◆ Information provided:
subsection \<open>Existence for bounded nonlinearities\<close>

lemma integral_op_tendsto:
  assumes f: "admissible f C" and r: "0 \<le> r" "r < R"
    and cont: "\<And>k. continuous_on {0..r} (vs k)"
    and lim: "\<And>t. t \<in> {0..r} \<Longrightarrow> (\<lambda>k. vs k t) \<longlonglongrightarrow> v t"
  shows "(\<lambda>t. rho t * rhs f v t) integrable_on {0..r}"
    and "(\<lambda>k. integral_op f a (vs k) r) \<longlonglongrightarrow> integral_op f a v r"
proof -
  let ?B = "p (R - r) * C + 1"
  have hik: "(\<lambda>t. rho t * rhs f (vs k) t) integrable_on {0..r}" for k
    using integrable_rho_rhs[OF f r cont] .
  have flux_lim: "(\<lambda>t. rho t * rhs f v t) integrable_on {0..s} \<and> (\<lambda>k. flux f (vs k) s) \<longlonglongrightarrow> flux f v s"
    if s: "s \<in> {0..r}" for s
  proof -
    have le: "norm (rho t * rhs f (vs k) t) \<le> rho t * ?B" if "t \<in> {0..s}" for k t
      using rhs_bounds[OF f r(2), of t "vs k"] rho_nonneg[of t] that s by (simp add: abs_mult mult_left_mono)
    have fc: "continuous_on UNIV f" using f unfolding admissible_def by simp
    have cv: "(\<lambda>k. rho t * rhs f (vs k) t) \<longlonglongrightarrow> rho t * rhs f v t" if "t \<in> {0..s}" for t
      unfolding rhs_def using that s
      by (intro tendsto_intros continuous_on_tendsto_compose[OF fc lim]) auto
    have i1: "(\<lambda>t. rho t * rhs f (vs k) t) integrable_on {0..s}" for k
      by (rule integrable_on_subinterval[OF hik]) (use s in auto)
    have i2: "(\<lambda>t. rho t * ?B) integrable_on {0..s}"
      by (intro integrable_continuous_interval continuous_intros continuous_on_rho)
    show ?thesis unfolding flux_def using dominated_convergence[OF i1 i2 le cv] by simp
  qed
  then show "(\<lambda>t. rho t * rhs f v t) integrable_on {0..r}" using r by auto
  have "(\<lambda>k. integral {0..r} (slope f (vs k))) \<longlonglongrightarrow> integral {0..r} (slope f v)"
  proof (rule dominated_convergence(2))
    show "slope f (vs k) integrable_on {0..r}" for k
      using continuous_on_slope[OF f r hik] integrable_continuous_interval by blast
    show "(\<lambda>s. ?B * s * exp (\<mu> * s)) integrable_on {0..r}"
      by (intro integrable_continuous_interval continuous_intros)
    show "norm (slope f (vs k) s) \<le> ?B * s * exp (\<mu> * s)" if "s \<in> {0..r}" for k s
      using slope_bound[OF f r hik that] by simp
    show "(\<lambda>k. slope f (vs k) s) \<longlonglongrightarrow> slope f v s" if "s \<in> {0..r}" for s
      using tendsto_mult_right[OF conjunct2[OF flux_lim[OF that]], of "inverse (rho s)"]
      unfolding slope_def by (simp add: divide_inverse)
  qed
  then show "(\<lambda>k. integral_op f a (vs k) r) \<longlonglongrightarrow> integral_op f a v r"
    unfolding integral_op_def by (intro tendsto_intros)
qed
--
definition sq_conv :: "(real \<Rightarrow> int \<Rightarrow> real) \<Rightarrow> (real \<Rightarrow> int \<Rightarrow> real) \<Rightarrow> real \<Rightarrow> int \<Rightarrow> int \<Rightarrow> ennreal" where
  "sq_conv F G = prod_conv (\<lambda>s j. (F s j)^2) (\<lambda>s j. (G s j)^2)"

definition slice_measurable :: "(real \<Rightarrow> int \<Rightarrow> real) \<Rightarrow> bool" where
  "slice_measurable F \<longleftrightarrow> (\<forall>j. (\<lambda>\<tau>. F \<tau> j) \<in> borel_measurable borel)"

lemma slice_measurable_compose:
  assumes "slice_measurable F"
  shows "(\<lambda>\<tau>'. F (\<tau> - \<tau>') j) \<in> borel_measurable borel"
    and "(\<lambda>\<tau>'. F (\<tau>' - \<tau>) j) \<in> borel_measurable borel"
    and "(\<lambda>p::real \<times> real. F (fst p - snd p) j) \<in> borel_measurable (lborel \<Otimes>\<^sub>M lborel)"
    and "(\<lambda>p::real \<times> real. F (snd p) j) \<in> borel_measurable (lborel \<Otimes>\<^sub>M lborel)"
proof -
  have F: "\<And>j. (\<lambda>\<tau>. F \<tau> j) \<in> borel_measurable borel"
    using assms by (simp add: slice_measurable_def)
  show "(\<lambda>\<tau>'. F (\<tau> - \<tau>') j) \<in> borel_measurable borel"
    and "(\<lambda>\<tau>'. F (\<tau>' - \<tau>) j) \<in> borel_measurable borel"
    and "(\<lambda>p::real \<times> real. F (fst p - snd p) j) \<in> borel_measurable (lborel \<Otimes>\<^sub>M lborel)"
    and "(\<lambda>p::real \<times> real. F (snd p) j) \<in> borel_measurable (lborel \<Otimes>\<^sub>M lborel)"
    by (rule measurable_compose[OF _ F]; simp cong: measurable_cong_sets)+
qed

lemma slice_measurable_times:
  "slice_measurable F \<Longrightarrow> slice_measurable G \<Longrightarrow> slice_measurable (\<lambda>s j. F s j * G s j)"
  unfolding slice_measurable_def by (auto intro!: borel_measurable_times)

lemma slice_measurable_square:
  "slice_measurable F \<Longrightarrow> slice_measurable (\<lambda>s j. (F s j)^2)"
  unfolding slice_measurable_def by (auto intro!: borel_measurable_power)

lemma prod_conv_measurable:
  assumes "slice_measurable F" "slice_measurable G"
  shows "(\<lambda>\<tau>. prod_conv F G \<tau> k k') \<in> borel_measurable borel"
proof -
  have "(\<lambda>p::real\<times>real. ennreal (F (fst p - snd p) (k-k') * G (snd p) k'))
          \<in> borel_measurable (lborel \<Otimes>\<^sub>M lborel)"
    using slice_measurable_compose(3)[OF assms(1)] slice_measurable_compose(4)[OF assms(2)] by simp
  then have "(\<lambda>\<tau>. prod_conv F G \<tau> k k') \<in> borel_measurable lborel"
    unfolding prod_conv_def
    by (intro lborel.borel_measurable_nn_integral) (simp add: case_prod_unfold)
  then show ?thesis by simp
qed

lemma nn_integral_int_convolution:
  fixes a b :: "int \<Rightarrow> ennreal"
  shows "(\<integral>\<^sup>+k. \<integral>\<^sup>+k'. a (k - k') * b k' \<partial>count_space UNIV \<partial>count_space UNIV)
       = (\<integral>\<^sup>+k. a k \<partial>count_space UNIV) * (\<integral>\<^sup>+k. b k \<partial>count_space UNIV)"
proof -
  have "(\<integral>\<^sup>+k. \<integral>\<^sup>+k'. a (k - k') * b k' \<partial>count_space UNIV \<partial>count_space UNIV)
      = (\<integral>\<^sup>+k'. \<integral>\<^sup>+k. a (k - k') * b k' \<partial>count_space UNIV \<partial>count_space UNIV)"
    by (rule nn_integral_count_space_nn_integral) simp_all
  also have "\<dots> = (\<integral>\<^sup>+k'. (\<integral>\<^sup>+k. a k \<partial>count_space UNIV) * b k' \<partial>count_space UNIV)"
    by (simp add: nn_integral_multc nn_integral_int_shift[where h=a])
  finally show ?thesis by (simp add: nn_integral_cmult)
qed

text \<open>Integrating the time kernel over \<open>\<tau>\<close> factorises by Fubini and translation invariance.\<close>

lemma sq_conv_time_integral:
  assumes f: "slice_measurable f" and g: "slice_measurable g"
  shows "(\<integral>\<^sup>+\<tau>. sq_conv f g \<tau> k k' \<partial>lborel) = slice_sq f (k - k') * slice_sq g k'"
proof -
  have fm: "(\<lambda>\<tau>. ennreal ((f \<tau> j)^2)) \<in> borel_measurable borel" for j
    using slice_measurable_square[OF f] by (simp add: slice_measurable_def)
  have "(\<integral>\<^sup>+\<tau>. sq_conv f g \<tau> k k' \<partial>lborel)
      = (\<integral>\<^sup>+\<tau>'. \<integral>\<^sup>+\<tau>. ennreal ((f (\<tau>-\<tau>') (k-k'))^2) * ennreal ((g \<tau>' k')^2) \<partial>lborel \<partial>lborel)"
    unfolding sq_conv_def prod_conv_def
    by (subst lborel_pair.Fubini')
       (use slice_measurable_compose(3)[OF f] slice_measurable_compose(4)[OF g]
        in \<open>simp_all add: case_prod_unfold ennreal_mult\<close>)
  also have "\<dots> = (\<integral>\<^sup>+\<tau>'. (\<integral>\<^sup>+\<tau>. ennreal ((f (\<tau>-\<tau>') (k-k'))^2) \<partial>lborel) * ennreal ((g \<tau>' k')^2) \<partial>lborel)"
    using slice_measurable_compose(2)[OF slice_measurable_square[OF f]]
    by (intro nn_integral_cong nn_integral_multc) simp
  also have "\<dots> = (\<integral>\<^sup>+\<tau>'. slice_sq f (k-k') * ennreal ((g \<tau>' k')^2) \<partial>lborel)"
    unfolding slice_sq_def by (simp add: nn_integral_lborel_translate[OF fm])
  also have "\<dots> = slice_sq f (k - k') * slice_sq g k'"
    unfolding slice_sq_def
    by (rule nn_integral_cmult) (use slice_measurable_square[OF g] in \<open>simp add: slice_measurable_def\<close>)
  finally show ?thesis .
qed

◆ Required action: Once you find the line with "exp (\<mu> * s))" above, print it and every line after it up to and including the line with "(vs k) s) \<le>", exactly as written and nothing else.

◆ Task output:
    show "(\<lambda>s. ?B * s * exp (\<mu> * s)) integrable_on {0..r}"
      by (intro integrable_continuous_interval continuous_intros)
    show "norm (slope f (vs k) s) \<le> ?B * s * exp (\<mu> * s)" if "s \<in> {0..r}" for k s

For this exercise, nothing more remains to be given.